|
I'm not a doctor, but I play
one in the pharmacy
Pharmacists in Alberta seek the
right not just to
fill prescriptions, but write them too
By Marguerite Crooks Slyfield
Sixty-year-old Belinda Levinson
was sitting at home one Saturday night, when she felt
the familiar symptoms of yet another UTI coming on.
She groaned, remembering that her prescription for ciprofloxacin
had run out. She didn't particularly feel like waiting
in the overcrowded emergency room, but where else would
she find a doctor at midnight to get her the pills?
Belinda's dilemma might soon be
a thing of the past at least in Alberta. The
Alberta College of Pharmacists (ACP) has submitted a
proposal to the Health Professions Advisory Board that
would allow pharmacists to prescribe Schedule 1 drugs
and to administer vaccines and other medications by
injections. The idea gets mixed reactions from doctors.

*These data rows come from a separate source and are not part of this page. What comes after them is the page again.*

(* Assume $(A)$, $(H_1)$, $(\Sigma)$ and fix $x\in\mathbb{R}^d$. Then, $\mathbb{P}$-a.s., $$\mathcal{K}(\underline{\lim}\,h(\cdot,\varphi))\le\underline{\lim}\,\varphi\le\overline{\lim}\,\varphi\le\mathcal{K}(\overline{\lim}\,h(\cdot,\varphi)).$$
   Context: Setting: canonical two-sided Wiener space $(\Omega,\mathcal{F},\mathbb{P})$ with $\Omega=C_0(\mathbb{R},\mathbb{R}^m)$, $W_t(\omega)=\omega(t)$, Wiener shift $\theta_t\omega(\cdot)=\omega(t+\cdot)-\omega(t)$; $T>0$ fixed. SDE on $\mathbb{R}^d$: $dX_t=[AX_t+h(t,X_t)]dt+\sigma(t)dW_t$, with $h(t+T,x)=h(t,x)$, $\sigma(t+T)=\sigma(t)$. $\Phi(t)=e^{tA}$. $\varphi(t,s,\omega)x$ ($s\le t$) denotes the continuous solution flow with $X(s)=x$, satisfying a.s. $\varphi(t,s,\omega)x=\Phi(t-s)x+\int_s^t\Phi(t-r)h(r,\varphi(r,s,\omega)x)dr+\int_s^t\Phi(t-r)\sigma(r)dW_r$. Order on $\mathbb{R}^d$: $x\le y$ iff $y-x\in\mathbb{R}^d_+$; $\inf$/$\sup$ componentwise. Norm $|x|=\max_i|x_i|$, $\|M\|=\max_{i,j}|M_{ij}|$. Assumptions: $(A)$: $a_{ij}\ge0$ for $i\ne j$, there is $\lambda<0$ with $\mathrm{Re}\,\mu\le\lambda$ for every eigenvalue $\mu$ of $A$, and $\|\Phi(t)\|\le e^{\lambda t}$ for $t\ge0$. $(H_1)$: $h\in C^1_b(\mathbb{R}\times\mathbb{R}^d,\mathbb{R}^d_+)$, and $h$ is either order-preserving or anti-order-preserving in $x$ for each $t$. $(\Sigma)$: $\sigma_{ij}$ continuous and $\sup_t\max_{i,j}|\sigma_{ij}(t)|<\infty$. Definitions: $a_n^h(t,\omega)=\inf\{h(t,\varphi(t,-mT,\omega)x):m\ge n\}$, $b_n^h(t,\omega)=\sup\{h(t,\varphi(t,-mT,\omega)x):m\ge n\}$ ($m,n\in\mathbb{N}_+$); $[\underline{\lim}\,\varphi](t,\omega)=\lim_{n\to\infty}\inf\{\varphi(t,-mT,\omega)x:m\ge n\}$, $[\overline{\lim}\,\varphi](t,\omega)=\lim_{n\to\infty}\sup\{\varphi(t,-mT,\omega)x:m\ge n\}$, $[\underline{\lim}\,h(\cdot,\varphi)](t,\omega)=\lim_n a_n^h(t,\omega)$, $[\overline{\lim}\,h(\cdot,\varphi)](t,\omega)=\lim_n b_n^h(t,\omega)$. Input-to-state characteristic operator: for a bounded measurable $u:\mathbb{R}\times\Omega\to\mathbb{R}^d_+$, $$[\mathcal{K}(u)](t,\omega)=\int_{-\infty}^t\Phi(t-s)u(s,\omega)\,ds+\int_{-\infty}^t\Phi(t-s)\sigma(s)\,dW_s .$$ *)

theory Defs
  imports "HOL-Analysis.Analysis" "HOL-Probability.Probability"
begin

primrec mpow :: "real^'n^'n \<Rightarrow> nat \<Rightarrow> real^'n^'n" where
  "mpow A 0 = mat 1"
| "mpow A (Suc k) = A ** mpow A k"

text \<open>Matrix exponential e^A as its power series; Phi(t) = mexp (t *R A).\<close>
definition mexp :: "real^'n^'n \<Rightarrow> real^'n^'n" where
  "mexp A = (\<Sum>k. (1 / fact k :: real) *\<^sub>R mpow A k)"
lemma bij_betw_fpf_involutions_on:
  assumes m: "m \<in> A"
  shows "bij_betw (\<lambda>s. (s m, s(m := m, s m := s m))) (fpf_involutions_on A)
           (SIGMA a:A-{m}. fpf_involutions_on (A - {m, a}))"
proof (rule bij_betw_byWitness[where f' = "\<lambda>(a, s). s(m := a, a := m)"])
  show "\<forall>s\<in>fpf_involutions_on A. (\<lambda>(a, s'). s'(m := a, a := m)) (s m, s(m := m, s m := s m)) = s"
  proof
    fix s assume "s \<in> fpf_involutions_on A"
    then have "s (s m) = m" by (rule fpf_involution_twice)
    then show "(\<lambda>(a, s'). s'(m := a, a := m)) (s m, s(m := m, s m := s m)) = s"
      by (auto simp: fun_eq_iff)
  qed
  show "\<forall>p\<in>(SIGMA a:A-{m}. fpf_involutions_on (A - {m, a})).
          (\<lambda>s. (s m, s(m := m, s m := s m))) ((\<lambda>(a, s). s(m := a, a := m)) p) = p"
    by (auto simp: fpf_involutions_on_iff fun_eq_iff)
  show "(\<lambda>s. (s m, s(m := m, s m := s m))) ` fpf_involutions_on A
          \<subseteq> (SIGMA a:A-{m}. fpf_involutions_on (A - {m, a}))"
  proof (rule image_subsetI)
    fix s assume s: "s \<in> fpf_involutions_on A"
    then have "s m \<in> A - {m}"
      using m fpf_involution_in fpf_involution_ne by fastforce
    with s show "(s m, s(m := m, s m := s m)) \<in> (SIGMA a:A-{m}. fpf_involutions_on (A - {m, a}))"
      by (simp add: fpf_involutions_on_remove_2cycle)
  qed
  show "(\<lambda>(a, s). s(m := a, a := m)) ` (SIGMA a:A-{m}. fpf_involutions_on (A - {m, a}))
          \<subseteq> fpf_involutions_on A"
    using m by (auto intro!: fpf_involutions_on_add_2cycle)
qed
(* Consider the cooperative planning problem (CPP) of $M$ interconnected microgrids described in the context: $$\max \prod_{i\in\mathcal{M}} \Big[ C_i^{NonCoop} - \big( v_i + \theta\, \mathbb{E}_{\omega}C_i^{O}(\boldsymbol q_i^\omega,\boldsymbol r_i^\omega,\boldsymbol d_i^\omega,\boldsymbol x^\omega)\big)\Big]$$ subject to the supply constraint (S2), storage constraints (B1)–(B3), demand constraints (D1)–(D2), and the cooperative constraints (C1)–(C4), over the variables $\{z_i, G_i^s, G_i^w, v_i, \boldsymbol e_i^\omega, \boldsymbol q_i^\omega, \boldsymbol r_i^\omega, \boldsymbol d_i^\omega, \boldsymbol s_i^\omega, \boldsymbol x_n^\omega : i\in\mathcal M, n\in\mathcal N_i,\omega\in\Omega\}$. Then Problem CPP can be solved in two steps: Step 1: solve the joint investment and operation problem (IOP) $$\min \sum_{i\in\mathcal M} C_i^{Overall}(z_i,G_i^s,G_i^w,\boldsymbol q_i^\omega,\boldsymbol r_i^\omega,\boldsymbol d_i^\omega,\boldsymbol x^\omega)$$ subject to (S2), (B1)–(B3), (D1)–(D2), (C2) and (C3), over the variables $\{z_i, G_i^s, G_i^w, \boldsymbol e_i^\omega, \boldsymbol q_i^\omega, \boldsymbol r_i^\omega, \boldsymbol d_i^\omega, \boldsymbol s_i^\omega, \boldsymbol x_n^\omega\}$; denote by $\{z_i^\star,G_i^{s,\star},G_i^{w,\star}\}$ the optimal planning, by $\{\boldsymbol e_i^{\omega,\star},\boldsymbol q_i^{\omega,\star},\boldsymbol r_i^{\omega,\star},\boldsymbol d_i^{\omega,\star},\boldsymbol s_i^{\omega,\star},\boldsymbol x_n^{\omega,\star}\}$ the optimal power schedule, and by $C_i^{Oper,\star} = \theta\,\mathbb{E}_{\omega}C_i^{O}(\boldsymbol q_i^{\omega,\star},\boldsymbol r_i^{\omega,\star},\boldsymbol d_i^{\omega,\star},\boldsymbol x^{\omega,\star})$ the resulting expected operational cost of microgrid $i$ over the planning horizon. Step 2: given these optimal planning and operation decisions, solve the cost sharing problem (CSP) $$\max \prod_{i\in\mathcal M}\Big[C_i^{NonCoop} - \big(C_i^{Oper,\star} + v_i\big)\Big]$$ subject to $\sum_{i\in\mathcal M} v_i = \sum_{i\in\mathcal M} C_i^I(z_i^\star,G_i^{s,\star},G_i^{w,\star})$ and $v_i + C_i^{Oper,\star}\le C_i^{NonCoop}$ for all $i\in\mathcal M$, over the variables $\{v_i : i\in\mathcal M\}$. That is, the optimal planning/operation decisions from Step 1 together with the optimal cost shares from Step 2 constitute an optimal solution of Problem CPP.
   Context: Setting. $\mathcal M=\{1,\dots,M\}$ is a set of interconnected microgrids; $\mathcal N_i$ is the set of users of microgrid $i$; $\mathcal T=\{1,\dots,T\}$ are the time slots of a day; $\Omega$ is a finite set of renewable generation scenarios with probabilities $\pi_\omega>0$, $\sum_{\omega\in\Omega}\pi_\omega=1$, and $\mathbb E_\omega f^\omega := \sum_{\omega\in\Omega}\pi_\omega f^\omega$. The planning horizon has $D$ days with daily discount rate $R_d$, and $\theta=\sum_{d=1}^D (1+R_d)^{-d}$. Decision variables for microgrid $i$: $z_i\in\{0,1\}$ (whether to install renewables), solar capacity $G_i^s\in[0,G_i^{s,\max}]$, wind capacity $G_i^w\in[0,G_i^{w,\max}]$; for each $\omega\in\Omega,t\in\mathcal T$: renewable supply $g_i^{\omega,t}$, grid procurement $q_i^{\omega,t}$, storage level $s_i^{\omega,t}$, charge $r_i^{\omega,t}$, discharge $d_i^{\omega,t}$, elastic load $x_n^{\omega,t}$ of each user $n\in\mathcal N_i$, power $e_{i,j}^{\omega,t}\ge 0$ supplied from microgrid $j$ to microgrid $i$; and the cost share $v_i$. Bold symbols denote the corresponding vectors over $t$ (and $j$); $\boldsymbol x^\omega$ denotes the vectors $\boldsymbol x_n^\omega$ of the users $n\in\mathcal N_i$. Parameters: fixed investment cost $F_i$, unit capacity costs $c_i^s,c_i^w$; per-unit-capacity solar and wind output $\eta_i^{s,\omega,t},\eta_i^{w,\omega,t}\ge0$; $Q_i^{\max}$; storage capacity $E_i$, depth-of-discharge $DoD_i$, $S_i^{\min}=E_i(1-DoD_i)$, $S_i^{\max}=E_i$, given initial level $s_i^{\omega,0}$; $r_i^{\max},d_i^{\max}>0$; efficiencies $\eta_i^r,\eta_i^d\in(0,1]$; distribution efficiencies $\eta_{i,j}$; inelastic loads $b_i^t$; user daily energy $L_n$, bounds $l_n^{t,\min},l_n^{t,\max}$, preferred consumption $y_n^t$; grid prices $p^t$; storage cost coefficient $\alpha_i$; discomfort coefficient $\beta_n$. Costs: investment cost $C_i^I(z_i,G_i^s,G_i^w)=z_i(F_i+c_i^sG_i^s+c_i^wG_i^w)$; daily operational cost in scenario $\omega$: $C_i^O(\boldsymbol q_i^\omega,\boldsymbol r_i^\omega,\boldsymbol d_i^\omega,\boldsymbol x^\omega)=\sum_{t\in\mathcal T}\big[p^tq_i^{\omega,t}+\alpha_i(r_i^{\omega,t}+d_i^{\omega,t})+\sum_{n\in\mathcal N_i}\beta_n(x_n^{\omega,t}-y_n^t)^2\big]$; overall cost $C_i^{Overall}=C_i^I(z_i,G_i^s,G_i^w)+\theta\,\mathbb E_\omega C_i^O(\boldsymbol q_i^\omega,\boldsymbol r_i^\omega,\boldsymbol d_i^\omega,\boldsymbol x^\omega)$. Constraints (for all $i\in\mathcal M$, $t\in\mathcal T$, $\omega\in\Omega$, $n\in\mathcal N_i$): (S1) $0\le g_i^{\omega,t}\le z_i(G_i^s\eta_i^{s,\omega,t}+G_i^w\eta_i^{w,\omega,t})$; (S2) $0\le q_i^{\omega,t}\le Q_i^{\max}$; (B1) $0\le r_i^{\omega,t}\le r_i^{\max}$; (B2) $0\le d_i^{\omega,t}\le d_i^{\max}$; (B3) $s_i^{\omega,t}=\min\{\max\{S_i^{\min}, s_i^{\omega,t-1}+\eta_i^r r_i^{\omega,t}-d_i^{\omega,t}/\eta_i^d\},S_i^{\max}\}$, with $s_i^{\omega,T}=s_i^{\omega,0}$; (D1) $\sum_{t\in\mathcal T}x_n^{\omega,t}=L_n$; (D2) $l_n^{t,\min}\le x_n^{\omega,t}\le l_n^{t,\max}$; (L) $g_i^{\omega,t}+q_i^{\omega,t}+d_i^{\omega,t}=r_i^{\omega,t}+b_i^t+\sum_{n\in\mathcal N_i}x_n^{\omega,t}$; (C1) $\sum_{i\in\mathcal M}v_i=\sum_{i\in\mathcal M}C_i^I(z_i,G_i^s,G_i^w)$; (C2) $\sum_{j\in\mathcal M}e_{j,i}^{\omega,t}\le z_i(G_i^s\eta_i^{s,\omega,t}+G_i^w\eta_i^{w,\omega,t})$; (C3) $\sum_{j\in\mathcal M}\eta_{i,j}e_{i,j}^{\omega,t}+q_i^{\omega,t}+d_i^{\omega,t}=r_i^{\omega,t}+b_i^t+\sum_{n\in\mathcal N_i}x_n^{\omega,t}$; (C4) $v_i+\theta\,\mathbb E_\omega C_i^O(\boldsymbol q_i^\omega,\boldsymbol r_i^\omega,\boldsymbol d_i^\omega,\boldsymbol x^\omega)\le C_i^{NonCoop}$. Noncooperative benchmark: $C_i^{NonCoop}$ is the optimal value of the problem of minimizing $C_i^{Overall}$ subject to (S1), (S2), (B1)–(B3), (D1), (D2), (L) over microgrid $i$'s own variables $z_i,G_i^s,G_i^w,\boldsymbol g_i^\omega,\boldsymbol q_i^\omega,\boldsymbol r_i^\omega,\boldsymbol d_i^\omega,\boldsymbol s_i^\omega,\boldsymbol x_n^\omega$. *)

theory Defs
  imports Complex_Main
begin
(* Let $X=\mathbb{R}/\mathbb{Z}$ with its standard metric, $\mu_1=\mu_2$ Lebesgue measure, $(X,T_1,\mu_1)$ exponentially mixing for $BV$ against $L^\infty$, and $T_2(x)=x+\alpha\bmod 1$. Suppose there are a constant $c(\alpha)>0$ and a function $\varphi:\mathbb{N}\to(0,\infty)$ with $\varphi(q)\to\infty$ such that \[ |q\alpha-p|\ge c(\alpha)\,\frac{(\log q)\,\varphi(q)}{q^2} \] for all $p\in\mathbb{Z}$ and all sufficiently large $q\in\mathbb{N}$. Let $(r_n)_n$ be a sequence of positive numbers with $r_n\ge\frac{(\log n)h(n)}{n^2}$ for some function $h$ with $h(n)\to\infty$ and $h(n)/\varphi(n)\to0$ as $n\to\infty$. Then $(\mu_1\times\mu_2)(\limsup_n E_{n,r_n}^{T_1,T_2})=1$.
   Context: $(X,T,\mu)$ is exponentially mixing for $BV$ against $L^\infty$ if there are $C,\theta>0$ such that for all $\psi$ of bounded variation, all $\varphi\in L^\infty(\mu)$ and all $n\ge0$, $\bigl|\int\psi\cdot\varphi\circ T^n\,d\mu-\int\psi\,d\mu\int\varphi\,d\mu\bigr|\le C\|\psi\|_{BV}\|\varphi\|_{L^\infty}e^{-\theta n}$. For $n\in\mathbb{N}$ and $r>0$, $E_{n,r}^{T_1,T_2}:=\{(x,y)\in X\times X : d(T_1^i x, T_2^j y)<r \text{ for some } 0\le i,j<n\}$; $E_{n,r_n}^{T_1,T_2}$ denotes this set with $r=r_n$. *)

theory Defs
  imports "HOL-Analysis.Analysis" "HOL-Probability.Essential_Supremum"
begin

text \<open>The circle X = R/Z is represented by the fundamental domain [0,1), with the
  quotient (arc-length) metric and Lebesgue measure.\<close>

definition circ_dist :: "real \<Rightarrow> real \<Rightarrow> real" where
  "circ_dist x y = \<bar>x - y - of_int (round (x - y))\<bar>"

definition circle_measure :: "real measure" where
  "circle_measure = restrict_space lborel {0..<1}"

definition rot :: "real \<Rightarrow> real \<Rightarrow> real" where
  "rot \<alpha> x = frac (x + \<alpha>)"

definition measure_preserving_map :: "'a measure \<Rightarrow> ('a \<Rightarrow> 'a) \<Rightarrow> bool" where
  "measure_preserving_map M T \<longleftrightarrow> T \<in> measurable M M \<and> distr M M T = M"
lemma has_vector_derivative_energy:
  assumes "t0 \<le> \<tau>" "\<tau> \<le> T"
  shows "(energy has_vector_derivative energy_rate \<tau>) (at \<tau> within {t0..T})"
proof -
  have "(slope_integral has_real_derivative max_slope \<tau>) (at \<tau> within {t0..T})"
    "((\<lambda>t. (norm (x' t))\<^sup>2 / 2) has_real_derivative kinetic_rate \<tau>) (at \<tau> within {t0..T})"
    "((\<lambda>t. (norm (x t))\<^sup>2) has_real_derivative 2 * (x \<tau> \<bullet> x' \<tau>)) (at \<tau> within {t0..T})"
    using has_vector_derivative_slope_integral[OF assms] has_vector_derivative_kinetic_energy[OF assms]
      has_vector_derivative_norm_power2[OF x_deriv_subinterval[OF order_refl]] assms
    by (simp_all add: has_real_derivative_iff_has_vector_derivative)
  then have "(energy has_real_derivative max_slope \<tau> + kinetic_rate \<tau>
      + (tikhonov' \<tau> * (norm (x \<tau>))\<^sup>2 + 2 * (x \<tau> \<bullet> x' \<tau>) * tikhonov \<tau>) / 2) (at \<tau> within {t0..T})"
    unfolding energy_def[abs_def]
    by (intro DERIV_add DERIV_cdivide DERIV_mult
        has_field_derivative_at_within[OF has_real_derivative_tikhonov[OF assms(1)]])
  moreover have "max_slope \<tau> + kinetic_rate \<tau>
      + (tikhonov' \<tau> * (norm (x \<tau>))\<^sup>2 + 2 * (x \<tau> \<bullet> x' \<tau>) * tikhonov \<tau>) / 2 = energy_rate \<tau>"
    by (simp add: kinetic_rate_def energy_rate_def algebra_simps)
  ultimately show ?thesis by (simp add: has_real_derivative_iff_has_vector_derivative)
qed

lemma energy_rate_le_damping: "t \<ge> t0 \<Longrightarrow> energy_rate t \<le> - damping t * (norm (x' t))\<^sup>2"
  using tikhonov'_neg[of t] t0 by (simp add: energy_rate_def mult_nonpos_nonneg)

lemma energy_antimono: "t0 \<le> s \<Longrightarrow> s \<le> t \<Longrightarrow> energy t \<le> energy s"
proof -
  assume "t0 \<le> s" "s \<le> t"
  have "- energy s \<le> - energy t"
  proof (rule le_if_nonneg_vector_derivative[OF \<open>t0 \<le> s\<close> \<open>s \<le> t\<close> order_refl])
    fix r assume "r \<in> {t0..t}"
    then show "((\<lambda>r. - energy r) has_vector_derivative - energy_rate r) (at r within {t0..t})"
      by (intro has_vector_derivative_minus[OF has_vector_derivative_energy]) auto
    have "damping r * (norm (x' r))\<^sup>2 \<ge> 0"
      using damping_pos[of r] \<open>r \<in> {t0..t}\<close> t0 by simp
    then show "- energy_rate r \<ge> 0"
      using energy_rate_le_damping[of r] \<open>r \<in> {t0..t}\<close> by simp
  qed
  then show ?thesis by simp
qed

lemma has_vector_derivative_f_along:
  assumes "t0 \<le> \<tau>" "\<tau> \<le> T"
  shows "((\<lambda>t. f i (x t)) has_vector_derivative df i (x \<tau>) \<bullet> x' \<tau>) (at \<tau> within {t0..T})"
proof -
  have "(x has_derivative (\<lambda>h. h *\<^sub>R x' \<tau>)) (at \<tau> within {t0..T})"
    using x_deriv_subinterval[of t0 \<tau>] assms by (auto simp: has_vector_derivative_def)
  from has_derivative_compose[OF this grad] show ?thesis by (simp add: has_vector_derivative_def)
qed

lemma slope_integral_minus_f_mono:
  assumes "t0 \<le> s" "s \<le> t"
  shows "slope_integral s - f i (x s) \<le> slope_integral t - f i (x t)"
proof (rule le_if_nonneg_vector_derivative[OF assms order_refl])
  fix r assume "r \<in> {t0..t}"
  then show "((\<lambda>r. slope_integral r - f i (x r)) has_vector_derivative max_slope r - df i (x r) \<bullet> x' r)
      (at r within {t0..t})"
    by (intro has_vector_derivative_diff has_vector_derivative_slope_integral has_vector_derivative_f_along) auto
  have "x' r \<bullet> df i (x r) \<le> max_slope r" unfolding max_slope_def by (rule Max_ge) auto
  then show "max_slope r - df i (x r) \<bullet> x' r \<ge> 0" by (simp add: inner_commute)
qed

"I don't feel comfortable with pharmacists prescribing
Schedule 1 drugs without the necessary medical training,"
says Dr David Yue, a family physician in Edmonton. "But
for immunizations and vaccine injections, I don't have
too much of a problem."
As for the pharmacists, they argue
that patients don't always get sick at a convenient
time to see a doctor, and so don't get the immediate
help they need. They think doctors are reluctant to
share this control. Dr Yue isn't so sure. "Access to
medical clinics from 9am to 10pm isn't a major problem
since there are quite a few walk-in clinics in major
cities," he says. "And if patients need assistance after
10pm, most pharmacies are closed anyway."
Pharmacists may bristle at any
suggestion that their knowledge of medications is not
up to par but the Canadian Medical Association (CMA)
is sceptical too. After all, prescribing is only one
aspect of overall patient care.
In a report prepared for the ACP
titled Pharmacists Prescribing in Alberta: An Examination
of the Literature and Pharmacist Practices, Rosemary
Bacovsky lays out new roles for pharmacists. She stresses
that what's attractive is that pharmacists can be more
accessible than doctors and anyway they're already providing
drugs to patients in emergency situations.
Susan Haunholter, President of
the Pharmacists Association of Alberta, admits that
there are still some outstanding questions to be addressed.
One is the need for pharmacists to obtain increased
liability insurance. These costs certainly complicate
the situation. Dr Yue agrees. "I'm not sure if pharmacists
are aware that with these prescribing privileges, they
will be exposed to more litigations," he says.
From a global perspective, it's
clear that the role of pharmacists is changing. In the
UK, pharmacists and nurses have recently been given
supplemental prescribing authority. This gives them
the power to prescribe in partnership with doctors.
In the US, more than half of all states now have some
similar forms of cooperation.
In Canada, pharmacists are now
recognized as 'medical practitioners' by the federal
government. This allows pharmacists to issue tax receipts
for professional services. Roy Romanow's federal commission
on the future of healthcare in Canada came down off
the fence and urged increased responsibilities for pharmacists.
Ms Bacovsky feels momentum is inevitable.
"The evolution of pharmacists prescribing will be primarily
dependent upon health system design, acceptance by the
public, acceptance by physicians, reimbursement, and
acceptance by pharmacists," she writes. She stresses
that, "it will vary with the practice environments.
These include structured multi-disciplinary healthcare
environments like hospitals, continuing care facilities,
and primary care clinics."
For now, Belinda and her fellow
patients can only sit back and watch the show.